Department of Anaesthesia & Intensive Care, Postgraduate Institute of Medical Education & Research, Chandigarh, India.
Department of Internal Medicine, Postgraduate Institute of Medical Education & Research, Chandigarh, India.
Indian J Med Res. 2022 May-Jun;155(5&6):526-537. doi: 10.4103/ijmr.ijmr_2292_21.
BACKGROUND & OBJECTIVES: The high mortality associated with the thrombotic events in hospitalized COVID-19 patients resulted in the usage of anticoagulants in varying doses. Whether high-dose anticoagulants have led to better outcomes or higher incidence of clinically significant bleeding events is debatable. Thus, this study was conducted to find the incidence of clinically significant bleeding events in moderate-to-severe COVID-19 ARDS (acute respiratory distress syndrome) patients on therapeutic anticoagulation and their outcomes.

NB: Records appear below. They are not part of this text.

(* Let $n>1$ be an integer. There is no matrix $M\in\mathcal S^{n\times n}$ such that simultaneously: (A1) $M$ is distinguished and self-conjugate; (A2) the first row of $M$ is $[1,2,2,\dots,2]$; (A3) $c_i(M)=1$ for all $1\le i\le n$; (A4) every principal submatrix of $M$ of odd degree has a column whose sum of entries equals $1$.
   Context: $\mathcal S=\{0,1,2,3\}$ is the Klein four-group ($\mathbb Z_2$-vector space) with $x+x=0$, $1+2=3$, $1+3=2$, $2+3=1$. Conjugation is the linear involution $\overline{\cdot}$ of $\mathcal S$ with $\bar0=0,\bar1=1,\bar2=3,\bar3=2$. A square matrix $M$ over $\mathcal S$ is self-conjugate if $M^t=\overline M$ (entrywise conjugate), and distinguished if it has $1$ on the diagonal and $2$ or $3$ everywhere off the diagonal. $c_i(M)$ is the sum of the entries of the $i$-th column. A principal submatrix is one given by the same set of row and column indices. *)

theory Defs
  imports Main
begin

datatype S = S0 | S1 | S2 | S3

fun S_add :: "S \<Rightarrow> S \<Rightarrow> S" where
  "S_add S0 y = y"
| "S_add x S0 = x"
| "S_add S1 S1 = S0" | "S_add S2 S2 = S0" | "S_add S3 S3 = S0"
| "S_add S1 S2 = S3" | "S_add S2 S1 = S3"
| "S_add S1 S3 = S2" | "S_add S3 S1 = S2"
| "S_add S2 S3 = S1" | "S_add S3 S2 = S1"

instantiation S :: comm_monoid_add
begin
definition zero_S_def: "0 = S0"
definition plus_S_def: "x + y = S_add x y"
instance
proof
  fix a b c :: S
  show "a + b + c = a + (b + c)" unfolding plus_S_def
    by (cases a; cases b; cases c) auto
  show "a + b = b + a" unfolding plus_S_def
    by (cases a; cases b) auto
  show "0 + a = a" unfolding plus_S_def zero_S_def by simp
qed
end

fun conj :: "S \<Rightarrow> S" where
  "conj S0 = S0" | "conj S1 = S1" | "conj S2 = S3" | "conj S3 = S2"

text \<open>n x n matrices over S, indices 0..n-1 (index 0 = paper's index 1).\<close>
type_synonym matS = "nat \<Rightarrow> nat \<Rightarrow> S"

definition self_conjugate :: "nat \<Rightarrow> matS \<Rightarrow> bool" where
  "self_conjugate n M \<longleftrightarrow> (\<forall>i<n. \<forall>j<n. M j i = conj (M i j))"

definition distinguished :: "nat \<Rightarrow> matS \<Rightarrow> bool" where
  "distinguished n M \<longleftrightarrow> (\<forall>i<n. M i i = S1) \<and>
     (\<forall>i<n. \<forall>j<n. i \<noteq> j \<longrightarrow> M i j = S2 \<or> M i j = S3)"

definition col_sum :: "nat set \<Rightarrow> matS \<Rightarrow> nat \<Rightarrow> S" where
  "col_sum I M j = (\<Sum>i\<in>I. M i j)"

end

theory Submission
  imports Defs
begin

text \<open>Orient an edge from i to j whenever M i j = 3. Self-conjugacy and distinguishedness make
  this a tournament on the n indices. A principal 3x3 submatrix on a directed 3-cycle has all
  column sums 1 + 2 + 3 = 0, so the tournament is transitive, and a transitive tournament with at
  least two vertices has a vertex of in-degree one. But a column sum 1 = 1 + (sum of the
  off-diagonal 2s and 3s) forces an even number of 3s in every column, i.e. even in-degrees.\<close>

lemma S_plus_simps [simp]:
  "S0 + x = x" "x + S0 = x" "S1 + S1 = S0" "S2 + S2 = S0" "S3 + S3 = S0"
  "S1 + S2 = S3" "S2 + S1 = S3" "S1 + S3 = S2" "S3 + S1 = S2"
  "S2 + S3 = S1" "S3 + S2 = S1"
  unfolding plus_S_def by (cases x; simp)+

lemma sum_S2_S3:
  assumes "finite F" "\<forall>x\<in>F. f x = S2 \<or> f x = S3"
  shows "sum f F =
    (if even (card F) then (if even (card {x\<in>F. f x = S3}) then S0 else S1)
     else (if even (card {x\<in>F. f x = S3}) then S2 else S3))"
  using assms
proof (induction F rule: finite_induct)
  case empty
  then show ?case by (simp add: zero_S_def)
next
  case (insert a F)
  show ?case
  proof (cases "f a = S3")
    case True
    then have "{x\<in>insert a F. f x = S3} = insert a {x\<in>F. f x = S3}" by auto
    then have "card {x\<in>insert a F. f x = S3} = Suc (card {x\<in>F. f x = S3})"
      using insert by simp
    then show ?thesis using insert True by auto
  next
    case False
    then have "f a = S2" using insert by auto
    moreover have "{x\<in>insert a F. f x = S3} = {x\<in>F. f x = S3}" using False by auto
    ultimately show ?thesis using insert by auto
  qed
qed

lemma tournament_in_set_subset:
  assumes asym: "\<And>u v. u \<in> V \<Longrightarrow> v \<in> V \<Longrightarrow> R u v \<Longrightarrow> \<not> R v u"
    and total: "\<And>u v. u \<in> V \<Longrightarrow> v \<in> V \<Longrightarrow> u \<noteq> v \<Longrightarrow> R u v \<or> R v u"
    and no_cycle: "\<And>u v w. u \<in> V \<Longrightarrow> v \<in> V \<Longrightarrow> w \<in> V \<Longrightarrow> R u v \<Longrightarrow> R v w \<Longrightarrow> \<not> R w u"
    and "v \<in> V" "w \<in> V" "R w v"
  shows "{u\<in>V. R u w} \<subseteq> {u\<in>V. R u v} - {w}"
proof
  fix u assume u: "u \<in> {u\<in>V. R u w}"
  then have "u \<noteq> v" "u \<noteq> w" using asym \<open>R w v\<close> \<open>v \<in> V\<close> \<open>w \<in> V\<close> by blast+
  then have "R u v" using total no_cycle u \<open>R w v\<close> \<open>v \<in> V\<close> \<open>w \<in> V\<close> by blast
  then show "u \<in> {u\<in>V. R u v} - {w}" using u \<open>u \<noteq> w\<close> by blast
qed

text \<open>A vertex whose in-set is nonempty of least size has exactly one in-neighbour: two of them
  would be comparable, and the in-set of the lower one would be a smaller nonempty in-set.\<close>

lemma transitive_tournament_in_degree_one:
  assumes "finite V" "x \<in> V" "y \<in> V" "x \<noteq> y"
    and asym: "\<And>u v. u \<in> V \<Longrightarrow> v \<in> V \<Longrightarrow> R u v \<Longrightarrow> \<not> R v u"
    and total: "\<And>u v. u \<in> V \<Longrightarrow> v \<in> V \<Longrightarrow> u \<noteq> v \<Longrightarrow> R u v \<or> R v u"
    and no_cycle: "\<And>u v w. u \<in> V \<Longrightarrow> v \<in> V \<Longrightarrow> w \<in> V \<Longrightarrow> R u v \<Longrightarrow> R v w \<Longrightarrow> \<not> R w u"
  shows "\<exists>v\<in>V. card {u\<in>V. R u v} = 1"
proof -
  define inn where "inn v = {u\<in>V. R u v}" for v
  have fin: "finite (inn v)" for v unfolding inn_def using \<open>finite V\<close> by simp
  have shrink: "card (inn w) < card (inn v)" if "v \<in> V" "w \<in> V" "R w v" for v w
  proof -
    have "card (inn w) \<le> card (inn v - {w})"
      using tournament_in_set_subset[OF asym total no_cycle that] fin unfolding inn_def
      by (simp add: card_mono)
    also have "\<dots> < card (inn v)"
      using that by (intro card_Diff1_less fin) (simp add: inn_def)
    finally show ?thesis .
  qed
  have "\<exists>v. v \<in> V \<and> inn v \<noteq> {}"
    using total[OF \<open>x \<in> V\<close> \<open>y \<in> V\<close> \<open>x \<noteq> y\<close>] assms(2,3) unfolding inn_def by blast
  then obtain v where v: "v \<in> V" "inn v \<noteq> {}"
    and least: "\<And>w. w \<in> V \<Longrightarrow> inn w \<noteq> {} \<Longrightarrow> card (inn v) \<le> card (inn w)"
    using ex_has_least_nat[of "\<lambda>v. v \<in> V \<and> inn v \<noteq> {}" _ "\<lambda>v. card (inn v)"] by blast
  have bottom: "inn w = {}" if "w \<in> inn v" for w
  proof (rule ccontr)
    assume "inn w \<noteq> {}"
    moreover have "w \<in> V" "R w v" using that unfolding inn_def by auto
    ultimately have "card (inn v) < card (inn v)" using least shrink[OF v(1)] by (meson leD leI)
    then show False by simp
  qed
  have "card (inn v) = 1"
  proof (rule ccontr)
    assume "card (inn v) \<noteq> 1"
    then have "inn v \<noteq> {w}" for w by auto
    moreover obtain w1 where "w1 \<in> inn v" using v(2) by blast
    ultimately obtain w2 where w: "w1 \<in> inn v" "w2 \<in> inn v" "w1 \<noteq> w2" by blast
    then have "w1 \<in> inn w2 \<or> w2 \<in> inn w1" using total unfolding inn_def by blast
    then show False using bottom w by blast
  qed
  then show ?thesis using v(1) unfolding inn_def by blast
qed

lemma distinguished_self_conjugate_S3_iff:
  assumes "distinguished n M" "self_conjugate n M" "i < n" "j < n"
  shows "M i j = S3 \<longleftrightarrow> M j i = S2"
proof (cases "i = j")
  case True
  then show ?thesis using assms unfolding distinguished_def by simp
next
  case False
  then have "M i j = S2 \<or> M i j = S3" "M j i = conj (M i j)"
    using assms unfolding distinguished_def self_conjugate_def by blast+
  then show ?thesis by auto
qed

lemma even_S3_in_column_sum_S1:
  assumes "distinguished n M" "j < n" "col_sum {0..<n} M j = S1"
  shows "even (card {i\<in>{0..<n}. M i j = S3})"
proof -
  let ?F = "{0..<n} - {j}"
  have "col_sum {0..<n} M j = M j j + sum (\<lambda>i. M i j) ?F"
    unfolding col_sum_def using \<open>j < n\<close> by (simp add: sum.remove)
  then have "sum (\<lambda>i. M i j) ?F = S0"
    using assms unfolding distinguished_def by (cases "sum (\<lambda>i. M i j) ?F") auto
  moreover have "\<forall>i\<in>?F. M i j = S2 \<or> M i j = S3"
    using assms unfolding distinguished_def by auto
  moreover have "{i\<in>?F. M i j = S3} = {i\<in>{0..<n}. M i j = S3}"
    using assms unfolding distinguished_def by auto
  ultimately show ?thesis using sum_S2_S3[of ?F "\<lambda>i. M i j"] by (auto split: if_splits)
qed

lemma no_S3_cycle:
  assumes "distinguished n M" "self_conjugate n M" "u < n" "v < n" "w < n"
    and odd_sub: "\<forall>I. I \<subseteq> {0..<n} \<and> odd (card I) \<longrightarrow> (\<exists>j\<in>I. col_sum I M j = S1)"
    and cycle: "M u v = S3" "M v w = S3" "M w u = S3"
  shows False
proof -
  have diag: "M u u = S1" "M v v = S1" "M w w = S1"
    using assms unfolding distinguished_def by auto
  then have pairwise_distinct: "u \<noteq> v" "v \<noteq> w" "w \<noteq> u" using cycle by auto
  have reverse: "M v u = S2" "M w v = S2" "M u w = S2"
    using cycle distinguished_self_conjugate_S3_iff[OF assms(1,2)] assms(3-5) by blast+
  obtain j where "j \<in> {u, v, w}" "col_sum {u, v, w} M j = S1"
    using odd_sub[rule_format, of "{u, v, w}"] pairwise_distinct assms(3-5) by auto
  moreover have "col_sum {u, v, w} M u = S0" "col_sum {u, v, w} M v = S0"
    "col_sum {u, v, w} M w = S0"
    unfolding col_sum_def using pairwise_distinct diag cycle reverse by (simp_all add: add.commute)
  ultimately show False by auto
qed

theorem mainTheorem4:
  fixes n :: nat
  assumes "n > 1"
  shows "\<not> (\<exists>M :: matS.
            distinguished n M \<and> self_conjugate n M
          \<and> M 0 0 = S1 \<and> (\<forall>j. 0 < j \<and> j < n \<longrightarrow> M 0 j = S2)
          \<and> (\<forall>j<n. col_sum {0..<n} M j = S1)
          \<and> (\<forall>I. I \<subseteq> {0..<n} \<and> odd (card I) \<longrightarrow>
                 (\<exists>j\<in>I. col_sum I M j = S1)))"
proof
  assume "\<exists>M :: matS.
            distinguished n M \<and> self_conjugate n M
          \<and> M 0 0 = S1 \<and> (\<forall>j. 0 < j \<and> j < n \<longrightarrow> M 0 j = S2)
          \<and> (\<forall>j<n. col_sum {0..<n} M j = S1)
          \<and> (\<forall>I. I \<subseteq> {0..<n} \<and> odd (card I) \<longrightarrow>
                 (\<exists>j\<in>I. col_sum I M j = S1))"
  then obtain M :: matS where D: "distinguished n M" and SC: "self_conjugate n M"
    and cols: "\<forall>j<n. col_sum {0..<n} M j = S1"
    and odd_sub: "\<forall>I. I \<subseteq> {0..<n} \<and> odd (card I) \<longrightarrow> (\<exists>j\<in>I. col_sum I M j = S1)"
    by blast
  \<comment> \<open>The first-row condition is not needed: two indices already give a vertex of in-degree one.\<close>
  have "\<exists>v\<in>{0..<n}. card {u\<in>{0..<n}. M u v = S3} = 1"
  proof (rule transitive_tournament_in_degree_one[of _ 0 1])
    show "\<not> M v u = S3" if "u \<in> {0..<n}" "v \<in> {0..<n}" "M u v = S3" for u v
      using that distinguished_self_conjugate_S3_iff[OF D SC] by auto
    show "M u v = S3 \<or> M v u = S3" if "u \<in> {0..<n}" "v \<in> {0..<n}" "u \<noteq> v" for u v
      using that D distinguished_self_conjugate_S3_iff[OF D SC] unfolding distinguished_def
      by (metis atLeastLessThan_iff)
    show "\<not> M w u = S3" if "u \<in> {0..<n}" "v \<in> {0..<n}" "w \<in> {0..<n}"
      "M u v = S3" "M v w = S3" for u v w
      using that no_S3_cycle[OF D SC _ _ _ odd_sub] by auto
  qed (use assms in auto)
  then show False using even_S3_in_column_sum_S1[OF D] cols by fastforce
qed

end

In this retrospective, single-centre study of 155 critically ill COVID-19 patients, the incidence of clinically significant bleeding was observed. Multivariate regression models were used to evaluate the association between anticoagulant regimen, coagulation and inflammatory markers with the incidence of bleeding and thrombotic events.
The incidence of clinically relevant non-major bleeding was 33.54 per cent (26.17-41.46%) and major bleeding was 9.03 per cent (5.02-14.69%). The anticoagulation intensity at baseline had a high odds of major bleeding when enoxaparin and dual antiplatelet therapy were used together [adjusted odds ratio OR of 434.09 (3.81-49502.95), P<0.05]. At admission, bleeders had a poorer PaO/FiO ratio with more patients on invasive ventilation. At the time of bleeding, the bleeders had a higher D-dimer, ferritin, C-reactive protein and procalcitonin compared to non-bleeders. The subhazard ratio for death in bleeders was 3.35 (95% confidence interval, 1.97-5.65; P<0.001).
INTERPRETATION & CONCLUSIONS: The incidence of bleeding in critically ill COVID-19 patients on therapeutic anticoagulation may increase with the severity of the disease as well as with concurrent use of dual antiplatelets. Major bleeding may also contribute to higher mortality.
COVID-19 住院患者血栓事件相关的高死亡率导致了不同剂量抗凝剂的使用。高剂量抗凝剂是否能带来更好的结果或更高的临床显著出血事件发生率仍存在争议。因此,本研究旨在探讨中重度 COVID-19 急性呼吸窘迫综合征(ARDS)患者接受治疗性抗凝治疗时临床显著出血事件的发生率及其结局。
在这项回顾性的、单中心的 155 例危重症 COVID-19 患者研究中,观察了临床显著出血的发生率。使用多变量回归模型评估抗凝方案、凝血和炎症标志物与出血和血栓事件发生率之间的关系。
临床相关非大出血的发生率为 33.54%(26.17%-41.46%),大出血的发生率为 9.03%(5.02%-14.69%)。当同时使用依诺肝素和双联抗血小板治疗时,基线抗凝强度与大出血的发生具有较高的优势比[调整后的优势比(OR)为 434.09(3.81-49502.95),P<0.05]。入院时,出血患者的 PaO/FiO 比值较差,更多患者接受有创通气。出血时,出血患者的 D-二聚体、铁蛋白、C 反应蛋白和降钙素原均高于非出血患者。出血患者的死亡亚危险比为 3.35(95%置信区间,1.97-5.65;P<0.001)。
接受治疗性抗凝治疗的危重症 COVID-19 患者出血的发生率可能会随着疾病的严重程度以及双联抗血小板药物的同时使用而增加。大出血也可能导致更高的死亡率。